Norm was 4th at the 2004 USA Weightlifting Nationals! He still trains and competes occasionally, despite his busy schedule.

Share

To optimize profit, first recall that profit is revenue minus cost, or pi(x)=r(x)-c(x). Also, recall that the domain of this function will be where x is greater than or equal to zero (because you cannot look at the profit from a negative number of items). Then, take the derivative of this function (recall the sum rule of derivatives, so pi'(x)=r'(x)-c'(x)). Then, by finding the critical points and the first or second derivative test, you can determine which critical point is a maximum.

Let’s take a look at another optimization problem, this one involving optimizing profit. Find the price p per unit that maximizes the profit function, I’ll call it pi(x), if cost c(x) is 12000x plus 26000. And the demand is described by the equation p, which is the price, equals 30000 -2x². So there’s a lot going on in this problem.

First of all the function to be maximized is not present here, I’m going to have to conjure it up. I need to know that profit is revenue minus cost. That’s an important fact from Economics. And I also need to figure out what exactly the revenue because it’s not given to me directly. So let me do that first.

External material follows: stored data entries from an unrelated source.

theorem lemma16:
  fixes mu :: "'s::finite \<Rightarrow> real"
    and m :: nat and f :: "nat \<Rightarrow> 's \<Rightarrow> bool list" and tau :: "nat \<Rightarrow> 's \<Rightarrow> nat"
    and i :: nat and s :: 's and ss :: "'s list"
  assumes card_S: "card (UNIV :: 's set) \<ge> 2"
    and mu_pos: "\<And>x. 0 < mu x \<and> mu x \<le> 1"
    and mu_sum: "(\<Sum>x\<in>UNIV. mu x) = 1"
    and F: "F1 mu m f tau"
    and i: "i < m"
    and chain: "gamma_chain f i s ss"
  shows "(Ssym f i [] \<noteq> {} \<longleftrightarrow> (f i (ss ! 0) = [] \<and> gamma f i ss 0 = []))
    \<and> (\<forall>r<length ss. (r \<ge> 1 \<or> card (Pset 2 f tau i []) = 2) \<longrightarrow> length (gamma f i ss r) \<ge> 2)
    \<and> (\<forall>r. 1 \<le> r \<and> r < length ss \<longrightarrow>
          take 2 (gamma f i ss r) \<in> Pbar 2 f tau i (f i (ss ! (r - 1))))"
proof -
  interpret bit_complete_two_dec m f tau
    using F by unfold_locales (auto simp: F1_def)
  have gamma_0: "gamma f i ss 0 = f i (ss ! 0)" by (simp add: gamma_def)
  have "\<not> (\<forall>u v :: 's. u = v)"
    using card_S card_le_Suc0_iff_eq[of "UNIV :: 's set"] by auto
  then obtain t :: 's where "t \<noteq> ss ! 0" by (metis (full_types))
  then have "2 \<le> length (gamma f i ss 0)" if "card (Pset 2 f tau i []) = 2"
    using two_le_length_codeword_if_card_Pset2[OF i that] gamma_0 by simp
  then have "2 \<le> length (gamma f i ss r)"
    if "r < length ss" "1 \<le> r \<or> card (Pset 2 f tau i []) = 2" for r
    using that two_le_length_gamma[OF chain i] by (cases r) auto
  moreover have "Ssym f i [] \<noteq> {} \<longleftrightarrow> f i (ss ! 0) = [] \<and> gamma f i ss 0 = []"
    using gamma_chain_empty_codeword[OF chain] gamma_0 by (auto simp: Ssym_def)
  ultimately show ?thesis using take2_gamma_in_Pbar[OF chain i] by blast
qed

end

Revenue, is often written R(x) and it’s price times the number sold, the price per item times the number of that item sold, it makes sense. And then this price I’m given is 30,000 minus 2x². When I multiply this through I get 30,000x minus 2x³. This is the revenue.

The profit is going to be revenue minus cost. So profit, which I’m calling Pi(x), and I’m dong this by the way and not calling it p(x) because I already have a p for price. So pi(x); revenue minus cost. Basically money in minus money out. Revenue is 30,000x minus 2x³. And cost is 12,000x plus 26,000. I'm going to put parenthesis around this (12,000x+26,000).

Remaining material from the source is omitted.